The answer is a stretch of the material below, returned exactly: the line containing "x y \<longleftrightarrow>", the line containing "length w = fst", and all lines between.

● ● ●

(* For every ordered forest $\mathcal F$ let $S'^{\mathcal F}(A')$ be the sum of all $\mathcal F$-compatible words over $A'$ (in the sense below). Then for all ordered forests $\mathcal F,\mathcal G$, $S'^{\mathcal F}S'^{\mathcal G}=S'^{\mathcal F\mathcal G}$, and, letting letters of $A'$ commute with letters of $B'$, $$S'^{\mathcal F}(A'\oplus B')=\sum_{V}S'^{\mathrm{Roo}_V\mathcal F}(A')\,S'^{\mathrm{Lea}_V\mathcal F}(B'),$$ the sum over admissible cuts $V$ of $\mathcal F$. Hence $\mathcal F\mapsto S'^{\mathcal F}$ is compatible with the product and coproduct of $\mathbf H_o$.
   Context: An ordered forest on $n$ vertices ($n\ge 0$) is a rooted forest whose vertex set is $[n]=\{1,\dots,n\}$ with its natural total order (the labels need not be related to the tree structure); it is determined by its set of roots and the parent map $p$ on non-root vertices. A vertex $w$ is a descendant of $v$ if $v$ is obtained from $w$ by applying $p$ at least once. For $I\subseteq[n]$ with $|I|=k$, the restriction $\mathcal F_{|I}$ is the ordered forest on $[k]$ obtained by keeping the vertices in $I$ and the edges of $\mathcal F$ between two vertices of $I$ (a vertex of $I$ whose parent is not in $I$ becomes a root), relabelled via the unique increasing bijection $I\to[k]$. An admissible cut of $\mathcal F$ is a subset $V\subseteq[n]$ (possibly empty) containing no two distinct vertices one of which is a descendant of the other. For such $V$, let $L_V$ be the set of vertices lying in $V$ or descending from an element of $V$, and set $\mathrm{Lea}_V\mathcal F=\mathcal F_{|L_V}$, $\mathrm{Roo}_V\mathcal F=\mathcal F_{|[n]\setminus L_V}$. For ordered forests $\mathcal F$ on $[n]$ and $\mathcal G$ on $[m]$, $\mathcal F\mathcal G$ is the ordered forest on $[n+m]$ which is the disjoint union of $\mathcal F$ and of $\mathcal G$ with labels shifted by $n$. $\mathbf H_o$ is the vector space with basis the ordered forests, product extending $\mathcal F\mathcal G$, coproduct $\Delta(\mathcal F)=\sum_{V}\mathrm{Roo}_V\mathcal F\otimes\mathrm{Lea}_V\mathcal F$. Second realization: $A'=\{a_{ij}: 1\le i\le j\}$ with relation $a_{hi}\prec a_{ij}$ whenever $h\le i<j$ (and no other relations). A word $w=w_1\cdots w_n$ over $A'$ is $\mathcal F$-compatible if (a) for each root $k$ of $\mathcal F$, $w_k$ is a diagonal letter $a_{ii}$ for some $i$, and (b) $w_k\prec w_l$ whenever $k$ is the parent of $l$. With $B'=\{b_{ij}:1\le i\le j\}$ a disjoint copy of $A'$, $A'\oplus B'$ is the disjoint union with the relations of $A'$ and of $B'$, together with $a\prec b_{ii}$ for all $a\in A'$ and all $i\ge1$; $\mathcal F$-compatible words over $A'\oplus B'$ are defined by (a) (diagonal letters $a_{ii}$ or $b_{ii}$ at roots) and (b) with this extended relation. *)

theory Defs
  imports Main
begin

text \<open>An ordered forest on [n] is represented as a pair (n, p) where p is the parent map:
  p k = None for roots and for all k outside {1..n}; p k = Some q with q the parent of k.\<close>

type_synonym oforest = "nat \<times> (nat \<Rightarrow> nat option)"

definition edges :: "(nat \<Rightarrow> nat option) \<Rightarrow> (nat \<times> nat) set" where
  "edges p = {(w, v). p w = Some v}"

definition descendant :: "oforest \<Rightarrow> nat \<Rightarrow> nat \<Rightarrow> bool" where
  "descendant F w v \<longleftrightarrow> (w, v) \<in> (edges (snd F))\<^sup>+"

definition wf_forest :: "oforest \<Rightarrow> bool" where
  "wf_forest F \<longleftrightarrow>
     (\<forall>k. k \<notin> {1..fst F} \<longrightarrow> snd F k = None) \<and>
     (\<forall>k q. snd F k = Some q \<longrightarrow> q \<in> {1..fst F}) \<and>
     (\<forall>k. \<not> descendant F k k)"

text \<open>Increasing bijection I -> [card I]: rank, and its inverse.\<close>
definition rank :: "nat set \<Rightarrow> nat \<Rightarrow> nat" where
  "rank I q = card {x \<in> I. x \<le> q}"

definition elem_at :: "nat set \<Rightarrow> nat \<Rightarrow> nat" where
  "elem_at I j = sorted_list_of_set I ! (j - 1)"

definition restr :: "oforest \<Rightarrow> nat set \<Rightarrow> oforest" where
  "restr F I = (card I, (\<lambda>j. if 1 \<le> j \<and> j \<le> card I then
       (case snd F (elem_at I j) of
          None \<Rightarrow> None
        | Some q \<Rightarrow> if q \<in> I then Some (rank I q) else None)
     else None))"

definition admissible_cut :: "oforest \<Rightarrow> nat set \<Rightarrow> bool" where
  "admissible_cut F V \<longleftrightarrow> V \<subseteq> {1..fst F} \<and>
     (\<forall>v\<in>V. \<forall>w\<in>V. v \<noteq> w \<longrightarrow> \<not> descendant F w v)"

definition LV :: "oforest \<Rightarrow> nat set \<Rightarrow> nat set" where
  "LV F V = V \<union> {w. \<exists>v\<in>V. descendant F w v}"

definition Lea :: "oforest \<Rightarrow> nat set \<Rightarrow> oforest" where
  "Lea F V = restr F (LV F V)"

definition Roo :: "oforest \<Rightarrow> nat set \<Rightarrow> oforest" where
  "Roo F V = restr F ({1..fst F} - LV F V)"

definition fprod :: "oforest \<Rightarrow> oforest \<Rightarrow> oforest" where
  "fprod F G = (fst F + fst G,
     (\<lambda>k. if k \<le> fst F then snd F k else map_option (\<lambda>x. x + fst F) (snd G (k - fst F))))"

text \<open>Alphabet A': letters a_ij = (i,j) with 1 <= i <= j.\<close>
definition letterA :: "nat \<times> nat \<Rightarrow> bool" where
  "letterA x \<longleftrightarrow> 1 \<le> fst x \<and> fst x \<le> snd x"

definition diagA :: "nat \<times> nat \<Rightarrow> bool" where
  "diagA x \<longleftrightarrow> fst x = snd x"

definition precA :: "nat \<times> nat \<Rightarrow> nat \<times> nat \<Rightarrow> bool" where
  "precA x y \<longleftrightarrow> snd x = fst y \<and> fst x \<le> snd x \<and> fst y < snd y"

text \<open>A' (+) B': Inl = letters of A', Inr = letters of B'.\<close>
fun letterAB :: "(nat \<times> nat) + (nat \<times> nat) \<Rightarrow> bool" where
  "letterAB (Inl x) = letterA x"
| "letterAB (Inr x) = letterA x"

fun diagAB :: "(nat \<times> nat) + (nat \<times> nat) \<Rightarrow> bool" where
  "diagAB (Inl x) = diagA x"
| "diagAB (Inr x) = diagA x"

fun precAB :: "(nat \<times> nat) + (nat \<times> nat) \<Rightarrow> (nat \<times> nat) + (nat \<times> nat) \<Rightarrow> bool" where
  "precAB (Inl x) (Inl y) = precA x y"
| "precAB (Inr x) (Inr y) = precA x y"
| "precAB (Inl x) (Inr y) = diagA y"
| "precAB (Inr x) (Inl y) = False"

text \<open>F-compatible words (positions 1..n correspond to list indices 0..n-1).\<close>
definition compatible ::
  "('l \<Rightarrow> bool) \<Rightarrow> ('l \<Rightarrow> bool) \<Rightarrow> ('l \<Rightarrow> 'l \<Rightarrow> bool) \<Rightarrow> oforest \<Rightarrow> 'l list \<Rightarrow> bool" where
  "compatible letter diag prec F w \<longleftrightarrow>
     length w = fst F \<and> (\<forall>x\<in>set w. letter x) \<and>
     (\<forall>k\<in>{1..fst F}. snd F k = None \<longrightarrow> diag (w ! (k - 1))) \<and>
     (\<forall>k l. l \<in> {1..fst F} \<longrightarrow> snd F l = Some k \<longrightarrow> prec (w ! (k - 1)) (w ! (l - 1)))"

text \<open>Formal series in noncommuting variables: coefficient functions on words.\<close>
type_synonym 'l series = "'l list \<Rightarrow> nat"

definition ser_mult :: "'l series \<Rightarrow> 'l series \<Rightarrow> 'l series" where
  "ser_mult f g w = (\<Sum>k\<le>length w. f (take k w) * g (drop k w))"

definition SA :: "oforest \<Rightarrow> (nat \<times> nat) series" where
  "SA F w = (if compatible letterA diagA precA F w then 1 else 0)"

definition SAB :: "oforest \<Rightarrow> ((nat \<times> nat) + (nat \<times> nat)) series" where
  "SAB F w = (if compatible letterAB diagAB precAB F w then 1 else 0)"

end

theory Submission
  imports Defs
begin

● ● ●

_Task solution_.
  "precA x y \<longleftrightarrow> snd x = fst y \<and> fst x \<le> snd x \<and> fst y < snd y"

text \<open>A' (+) B': Inl = letters of A', Inr = letters of B'.\<close>
fun letterAB :: "(nat \<times> nat) + (nat \<times> nat) \<Rightarrow> bool" where
  "letterAB (Inl x) = letterA x"
| "letterAB (Inr x) = letterA x"

fun diagAB :: "(nat \<times> nat) + (nat \<times> nat) \<Rightarrow> bool" where
  "diagAB (Inl x) = diagA x"
| "diagAB (Inr x) = diagA x"

fun precAB :: "(nat \<times> nat) + (nat \<times> nat) \<Rightarrow> (nat \<times> nat) + (nat \<times> nat) \<Rightarrow> bool" where
  "precAB (Inl x) (Inl y) = precA x y"
| "precAB (Inr x) (Inr y) = precA x y"
| "precAB (Inl x) (Inr y) = diagA y"
| "precAB (Inr x) (Inl y) = False"

text \<open>F-compatible words (positions 1..n correspond to list indices 0..n-1).\<close>
definition compatible ::
  "('l \<Rightarrow> bool) \<Rightarrow> ('l \<Rightarrow> bool) \<Rightarrow> ('l \<Rightarrow> 'l \<Rightarrow> bool) \<Rightarrow> oforest \<Rightarrow> 'l list \<Rightarrow> bool" where
  "compatible letter diag prec F w \<longleftrightarrow>
     length w = fst F \<and> (\<forall>x\<in>set w. letter x) \<and>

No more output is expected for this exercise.